ACTIVITY:
Begin at the line below that has "block estimates.\<close>" and stop after the line that has "a b \<longleftrightarrow>". Please restate only those lines, word for word.

· · ·

(* Let $K$ be a compact metric space and $(f_j)$ a uniformly bounded sequence of continuous complex-valued functions on $K$ converging pointwise to a function $f$; put $\varphi=\mathrm{Re}\, f$. Let $\alpha$ be a countable ordinal and $x\in K$ with $0<v_\alpha(\varphi)(x)=:\lambda<\infty$. Let $\mathcal U$ be an open neighborhood of $x$ and $0<\eta<1$. Then there is a subsequence $(b_j)$ of $(f_j)$ with the following property: for every strictly increasing sequence of integers $1=m_1<m_2<\cdots$ there exist an integer $k$, points $x_1,\dots,x_{2k-1},x_{2k}=:t$ in $\mathcal U$, and positive numbers $\delta_1,\dots,\delta_k$ such that (1) $\varphi(x_{2j})-\varphi(x_{2j-1})>(1-\eta)\delta_j$ for all $1\le j\le k$; (2) $(1+\eta)\lambda>\sum_{j=1}^k\delta_j>(1-\eta)\lambda$; (3) $\sum_{m_j\le i<m_{j+1}}|b_i(t)-f(x_j)|<\eta\,\delta_{\lfloor (j+1)/2\rfloor}$ for all $1\le j\le 2k-1$; (4) $\sum_{i\ge m_{2k}}|b_i(t)-f(t)|<\eta\,\delta_k$.
   Context: For $g:K\to[-\infty,\infty]$, $Ug(x)=\limsup_{y\to x}g(y)=\inf_U\sup g(U)$ over open neighborhoods $U$ of $x$ (non-exclusive limsup). For real $\varphi:K\to\mathbb{R}$ the positive transfinite oscillations are defined by transfinite induction: $v_0(\varphi)\equiv0$; $\widetilde v_{\alpha+1}(\varphi)(x)=\limsup_{y\to x}(\varphi(y)-\varphi(x)+v_\alpha(\varphi)(y))$; for limit $\beta$, $\widetilde v_\beta(\varphi)=\sup_{\alpha<\beta}v_\alpha(\varphi)$; and $v_\beta(\varphi)=U\widetilde v_\beta(\varphi)$ (values in $[0,\infty]$). *)

theory Defs
  imports "HOL-Analysis.Analysis" "HOL-Library.Extended_Real"
begin

definition usc_env :: "'a::metric_space set \<Rightarrow> ('a \<Rightarrow> ereal) \<Rightarrow> 'a \<Rightarrow> ereal" where
  "usc_env K g x = (INF V\<in>{V. open V \<and> x \<in> V}. SUP y\<in>V \<inter> K. g y)"

definition osc_step :: "'a::metric_space set \<Rightarrow> ('a \<Rightarrow> real) \<Rightarrow> ('o::wellorder \<Rightarrow> 'a \<Rightarrow> ereal)
     \<Rightarrow> 'o \<Rightarrow> 'a \<Rightarrow> ereal" where
  "osc_step K \<phi> v a =
     (if \<forall>b. \<not> b < a then (\<lambda>x. 0)
      else if \<exists>b. b < a \<and> (\<forall>c. c < a \<longrightarrow> c \<le> b) then
        (let b = (THE b. b < a \<and> (\<forall>c. c < a \<longrightarrow> c \<le> b))
         in (\<lambda>x. usc_env K (\<lambda>y. ereal (\<phi> y - \<phi> x) + v b y) x))
      else (\<lambda>x. SUP b\<in>{b. b < a}. v b x))"

text \<open>Positive transfinite oscillation v_a(phi), indexed by elements a of a
  well-ordered type (a represents the ordinal type of {b. b < a}).
  v_0 = 0, and v_a = U (tilde v_a) otherwise.\<close>
definition pos_osc :: "'a::metric_space set \<Rightarrow> ('a \<Rightarrow> real) \<Rightarrow> 'o::wellorder \<Rightarrow> 'a \<Rightarrow> ereal" where
  "pos_osc K \<phi> = wfrec {(b, a). b < a}
     (\<lambda>v a. if \<forall>b. \<not> b < a then (\<lambda>x. 0) else usc_env K (osc_step K \<phi> v a))"

end

theory Submission
  imports Defs
begin

text \<open>Write v_b for the oscillation at stage b. If 0 \<le> c < v_b(y), the recursion yields
  arbitrarily close to y a point z and a stage b' < b with
  limsup_{w\<rightarrow>z} (\<phi> w - \<phi> z + v_b'(w)) > c; taking the least such stage also gives v_b' \<le> c near z.
  Hence every w near z realising that limsup up to a margin \<kappa> makes a genuine jump
  \<phi> w - \<phi> z > \<kappa>, and the part of c still missing stays below v_b'(w). Alternating these
  two moves is a game in which the stages strictly decrease, so it stops after finitely many
  jumps, whose sum ends up between lo < v_\<alpha>(x) and hi > v_\<alpha>(x) (upper semicontinuity keeps
  the gains below hi). Every move can be made inside any prescribed open set. The subsequence
  is chosen diagonally: f (r i) approximates g within tol/2^i at the finitely many positions
  the strategy can reach with block endpoints \<le> i, and before each move the open set is shrunk
  so that the block sums of |f (r i) w - f (r i) z| stay small; the last point t inherits all
  block estimates.\<close>

section \<open>Unfolding the transfinite oscillation\<close>

definition successor_of :: "'o::wellorder \<Rightarrow> 'o \<Rightarrow> bool" where
  "successor_of a b \<longleftrightarrow> b < a \<and> (\<forall>c. c < a \<longrightarrow> c \<le> b)"

definition osc_gain :: "'a::metric_space set \<Rightarrow> ('a \<Rightarrow> real) \<Rightarrow> 'o::wellorder \<Rightarrow> 'a \<Rightarrow> 'a \<Rightarrow> ereal" where
  "osc_gain K \<phi> b z w = ereal (\<phi> w - \<phi> z) + pos_osc K \<phi> b w"

lemma successor_of_the:
  assumes "successor_of a b"
  shows "(THE b. b < a \<and> (\<forall>c. c < a \<longrightarrow> c \<le> b)) = b"
  using assms unfolding successor_of_def by (intro the_equality) (auto intro: antisym)

lemma osc_step_cong:
  assumes "\<And>b. b < a \<Longrightarrow> v b = w b"
  shows "osc_step K \<phi> v a = osc_step K \<phi> w a"
proof -
  have "(SUP b\<in>{b. b < a}. v b y) = (SUP b\<in>{b. b < a}. w b y)" for y
    using assms by (intro SUP_cong) auto
  moreover have "(THE b. b < a \<and> (\<forall>c. c < a \<longrightarrow> c \<le> b)) < a"
    if "successor_of a b" for b
    using successor_of_the[OF that] that unfolding successor_of_def by simp
  ultimately show ?thesis
    using assms unfolding osc_step_def Let_def successor_of_def by auto
qed

lemma pos_osc_eq:
  fixes K :: "'a::metric_space set" and a :: "'o::wellorder"
  shows "pos_osc K \<phi> a =
     (if \<forall>b. \<not> b < a then (\<lambda>x. 0) else usc_env K (osc_step K \<phi> (pos_osc K \<phi>) a))"
proof -
  define F where "F v a = (if \<forall>b::'o. \<not> b < a then (\<lambda>x::'a. 0::ereal)
    else usc_env K (osc_step K \<phi> v a))" for v a
  have "adm_wf {(b, a). b < a} F"
    unfolding adm_wf_def
  proof (intro allI impI)
    fix v w :: "'o \<Rightarrow> 'a \<Rightarrow> ereal" and a :: 'o
    assume "\<forall>b. (b, a) \<in> {(b, a). b < a} \<longrightarrow> v b = w b"
    then have "osc_step K \<phi> v a = osc_step K \<phi> w a" by (intro osc_step_cong) simp
    then show "F v a = F w a" unfolding F_def by simp
  qed
  from wfrec_fixpoint[OF wf this] have "pos_osc K \<phi> = F (pos_osc K \<phi>)"
    unfolding pos_osc_def F_def by simp
  from fun_cong[OF this, of a] show ?thesis by (simp only: F_def)
qed

lemma pos_osc_bottom: "\<forall>b. \<not> b < a \<Longrightarrow> pos_osc K \<phi> a = (\<lambda>x. 0)"
  by (subst pos_osc_eq) simp

lemma pos_osc_eq_usc_env: "b < a \<Longrightarrow> pos_osc K \<phi> a = usc_env K (osc_step K \<phi> (pos_osc K \<phi>) a)"
  by (subst pos_osc_eq) auto

lemma osc_step_successor:
  "successor_of a b \<Longrightarrow> osc_step K \<phi> (pos_osc K \<phi>) a z = usc_env K (osc_gain K \<phi> b z) z"
  using successor_of_the[of a b] unfolding osc_step_def successor_of_def osc_gain_def Let_def
  by (auto simp: fun_eq_iff)

lemma osc_step_limit:
  "b < a \<Longrightarrow> \<nexists>b. successor_of a b \<Longrightarrow> osc_step K \<phi> v a = (\<lambda>x. SUP b\<in>{b. b < a}. v b x)"
  unfolding osc_step_def successor_of_def by auto

lemma usc_env_ge: "x \<in> K \<Longrightarrow> g x \<le> usc_env K g x"
  unfolding usc_env_def by (auto intro!: INF_greatest SUP_upper)

lemma usc_env_le_SUP: "open V \<Longrightarrow> x \<in> V \<Longrightarrow> usc_env K g x \<le> (SUP y\<in>V \<inter> K. g y)"
  unfolding usc_env_def by (auto intro!: INF_lower)

lemma usc_env_lessE:
  assumes "usc_env K g x < M"
  obtains V where "open V" "x \<in> V" "(SUP y\<in>V \<inter> K. g y) < M"
  using assms unfolding usc_env_def by (auto simp: INF_less_iff)

lemma less_usc_envE:
  assumes "c < usc_env K g x" "open V" "x \<in> V"
  obtains y where "y \<in> V \<inter> K" "c < g y"
  using less_le_trans[OF assms(1) usc_env_le_SUP[OF assms(2,3)]] by (auto simp: less_SUP_iff)

lemma usc_env_upper_semicontinuous:
  assumes "usc_env K g x < M"
  obtains V where "open V" "x \<in> V" "\<And>w. w \<in> V \<Longrightarrow> usc_env K g w < M"
  by (rule usc_env_lessE[OF assms]) (use usc_env_le_SUP le_less_trans in metis)

lemma pos_osc_upper_semicontinuous:
  assumes "pos_osc K \<phi> a x < M"
  obtains V where "open V" "x \<in> V" "\<And>w. w \<in> V \<Longrightarrow> pos_osc K \<phi> a w < M"
proof (cases "\<exists>b. b < a")
  case True
  then obtain b where "b < a" by blast
  with assms that show thesis
    unfolding pos_osc_eq_usc_env[OF \<open>b < a\<close>] by (auto elim: usc_env_upper_semicontinuous)
next
  case False
  with assms show thesis using that[of UNIV] by (simp add: pos_osc_bottom)
qed

lemma usc_env_between:
  assumes "ereal c < usc_env K g z" "usc_env K g z < ereal B"
  obtains \<kappa> P where "0 < \<kappa>" "ereal (c + \<kappa>) < usc_env K g z" "open P" "z \<in> P"
    "\<And>w. w \<in> P \<inter> K \<Longrightarrow> g w < ereal B"
proof -
  obtain u where u: "usc_env K g z = ereal u"
    using assms by (cases "usc_env K g z") auto
  obtain P where "open P" "z \<in> P" "(SUP w\<in>P \<inter> K. g w) < ereal B"
    using usc_env_lessE[OF assms(2)] by blast
  moreover have "0 < (u - c) / 2" "ereal (c + (u - c) / 2) < usc_env K g z"
    using assms(1) u by (auto simp: field_simps)
  ultimately show thesis
    using that by (meson SUP_upper le_less_trans)
qed

lemma pos_osc_successor_ge:
  assumes "successor_of a b" "z \<in> K"
  shows "usc_env K (osc_gain K \<phi> b z) z \<le> pos_osc K \<phi> a z"
proof -
  have "b < a" using assms(1) unfolding successor_of_def by simp
  show ?thesis
    unfolding pos_osc_eq_usc_env[OF \<open>b < a\<close>] osc_step_successor[OF assms(1), symmetric]
    by (rule usc_env_ge[OF assms(2)])
qed

lemma pos_osc_mono:
  fixes a a' :: "'o::wellorder"
  assumes "w \<in> K" "a \<le> a'"
  shows "pos_osc K \<phi> a w \<le> pos_osc K \<phi> a' w"
  using assms(2)
proof (induction a' arbitrary: a rule: less_induct)
  case (less a')
  show ?case
  proof (cases "a = a'")
    case False
    with less.prems have "a < a'" by simp
    have "pos_osc K \<phi> a w \<le> osc_step K \<phi> (pos_osc K \<phi>) a' w"
    proof (cases "\<exists>b. successor_of a' b")
      case True
      then obtain b where b: "successor_of a' b" by blast
      with \<open>a < a'\<close> have "a \<le> b" "b < a'" unfolding successor_of_def by auto
      then have "pos_osc K \<phi> a w \<le> osc_gain K \<phi> b w w"
        using less.IH by (simp add: osc_gain_def)
      also have "\<dots> \<le> osc_step K \<phi> (pos_osc K \<phi>) a' w"
        unfolding osc_step_successor[OF b] by (rule usc_env_ge[OF assms(1)])
      finally show ?thesis .
    next
      case False
      then show ?thesis
        unfolding osc_step_limit[OF \<open>a < a'\<close> False] using \<open>a < a'\<close> by (auto intro: SUP_upper)
    qed
    also have "\<dots> \<le> pos_osc K \<phi> a' w"
      unfolding pos_osc_eq_usc_env[OF \<open>a < a'\<close>] by (rule usc_env_ge[OF assms(1)])
    finally show ?thesis .
  qed simp
qed

lemma pos_osc_nonneg:
  assumes "w \<in> K"
  shows "0 \<le> pos_osc K \<phi> a w"
proof -
  have "pos_osc K \<phi> (LEAST b. True) w = 0"
    using pos_osc_bottom not_less_Least by (metis (full_types))
  moreover have "(LEAST b. True) \<le> a" by (rule Least_le) simp
  ultimately show ?thesis using pos_osc_mono[OF assms] by metis
qed

lemma pos_osc_gt_reaches_successor:
  fixes a :: "'o::wellorder"
  assumes "0 \<le> c" "open V" "y \<in> V" "ereal c < pos_osc K \<phi> a y"
  shows "\<exists>a'\<le>a. \<exists>b. successor_of a' b \<and> (\<exists>z\<in>V \<inter> K. ereal c < usc_env K (osc_gain K \<phi> b z) z)"
  using assms(3,4)
proof (induction a arbitrary: y rule: less_induct)
  case (less a)
  obtain b0 where "b0 < a"
    using less.prems(2) assms(1) pos_osc_bottom[of a K \<phi>] by fastforce
  from less.prems obtain z where z: "z \<in> V \<inter> K" "ereal c < osc_step K \<phi> (pos_osc K \<phi>) a z"
    unfolding pos_osc_eq_usc_env[OF \<open>b0 < a\<close>] by (auto elim: less_usc_envE[OF _ assms(2)])
  show ?case
  proof (cases "\<exists>b. successor_of a b")
    case True
    then obtain b where b: "successor_of a b" by blast
    with z have "ereal c < usc_env K (osc_gain K \<phi> b z) z" by (simp add: osc_step_successor)
    with b z(1) show ?thesis by blast
  next
    case False
    with z obtain b where "b < a" "ereal c < pos_osc K \<phi> b z"
      by (auto simp: osc_step_limit[OF \<open>b0 < a\<close> False] less_SUP_iff)
    with less.IH[of b z] z(1) show ?thesis by (meson IntD1 order.strict_implies_order order_trans)
  qed
qed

· · ·

SOLUTION FOR THIS TASK:
  block estimates.\<close>

section \<open>Unfolding the transfinite oscillation\<close>

definition successor_of :: "'o::wellorder \<Rightarrow> 'o \<Rightarrow> bool" where
  "successor_of a b \<longleftrightarrow> b < a \<and> (\<forall>c. c < a \<longrightarrow> c \<le> b)"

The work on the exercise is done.